Black Kitten at my front door

by Tammie
(Rio Rancho, NM)


INTRODUCTION


Tonight I was putting my 4 year old to bed when I heard muffled meowing. I thought it was our orange tabby, Ben, trapped in a room with a closed door. But there he was, sound asleep on the couch. So I looked around, trying to find the source of the manic crying and it was at my front door!

I opened the door and there was a small black kitten (about 4 or 5 months) with green eyes sitting at my doorset crying his little heart out. I freaked out a little bit and quickly shut the door. My 12 year old son asked what was wrong and I told him to open the door.
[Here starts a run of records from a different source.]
(* Let $X\subseteq\bar{X}$ and $Y\subseteq\bar{Y}$ be convex closures of Boolean metric spaces $X,Y$ over a Boolean ring $B$. Every contractive map $f:X\to Y$ extends to a unique contractive map $\bar{f}:\bar{X}\to\bar{Y}$. Furthermore: (1) $\bar{f}$ is an immersion if and only if $f$ is an immersion, and if $f$ is an isometry then so is $\bar f$; (2) for contractive maps $f:X\to Y$ and $g:Y\to Z$, where $Z\subseteq \bar Z$ is a convex closure, $\overline{g\circ f}=\bar{g}\circ\bar{f}$. In particular, any two convex closures of $X$ are isometric via an isometry restricting to the identity on $X$.
   Context: $B$ is a Boolean ring ($a\vee b=a+b+ab$, $a\le b\iff ab=a$; $a_1\oplus\cdots\oplus a_n$ denotes a sum of pairwise disjoint elements). A Boolean metric space over $B$: set $X$ with $d:X\times X\to B$, $d(x,y)=0\iff x=y$, symmetric, $d(x,z)\le d(x,y)\vee d(y,z)$. For $x_1,\dots,x_n\in X$, $a_i\in B$ with $a_1\oplus\cdots\oplus a_n=1$, $x$ is a convex combination of the $x_i$ with coefficients $a_i$ if $a_id(x,x_i)=0$ for all $i$; $X$ is convex if all such combinations exist. A convex closure of $X$ is a convex metric space $\bar X\supseteq X$ whose metric restricts to that of $X$ and in which every element is a convex combination of elements of $X$. A map $f$ is contractive if $d(f(x),f(y))\le d(x,y)$, an immersion if equality holds, and an isometry if it is a bijective immersion. *)

theory Defs
  imports Main
begin

definition boolean_ring :: "'b::comm_ring_1 itself \<Rightarrow> bool" where
  "boolean_ring _ \<longleftrightarrow> (\<forall>x::'b. x * x = x)"

definition bjoin :: "'b::comm_ring_1 \<Rightarrow> 'b \<Rightarrow> 'b" where
  "bjoin a b = a + b + a * b"

definition ble :: "'b::comm_ring_1 \<Rightarrow> 'b \<Rightarrow> bool" where
  "ble a b \<longleftrightarrow> a * b = a"

definition bool_metric :: "'a set \<Rightarrow> ('a \<Rightarrow> 'a \<Rightarrow> 'b::comm_ring_1) \<Rightarrow> bool" where
  "bool_metric S d \<longleftrightarrow>
     (\<forall>x\<in>S. \<forall>y\<in>S. d x y = 0 \<longleftrightarrow> x = y) \<and>
     (\<forall>x\<in>S. \<forall>y\<in>S. d x y = d y x) \<and>
     (\<forall>x\<in>S. \<forall>y\<in>S. \<forall>z\<in>S. ble (d x z) (bjoin (d x y) (d y z)))"

definition partition_one :: "nat \<Rightarrow> (nat \<Rightarrow> 'b::comm_ring_1) \<Rightarrow> bool" where
  "partition_one n a \<longleftrightarrow>
     (\<forall>i<n. \<forall>j<n. i \<noteq> j \<longrightarrow> a i * a j = 0) \<and> (\<Sum>i<n. a i) = 1"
He felt so bad for the kitten and said I needed to let him in (we have a forecast of snow tonight). I thought about it and agreed, I didn't want the little thing to freeze to death in the cold overnight temperatures. My 4 year old daughter quickly took a liking to him and was so excited she couldn't sleep. He liked her too and after exploring the house...settled in with her for the night. Those two have been sleeping together all close in bed since!

So...I have been doing a search of superstitions and myths related to black cats and the one I found most profound is the Scottish myth that if you find a black kitten on your front porch and let it into your house you will be welcomed with wealth and prosperity. Being a bit superstitious...I welcomed that idea.

BACK STORY

I have been struggling financially since May after being in a car accident in which I was not at fault at all. I was hit by a teenager going through a red light (after "spacing out") while I was making a left turn.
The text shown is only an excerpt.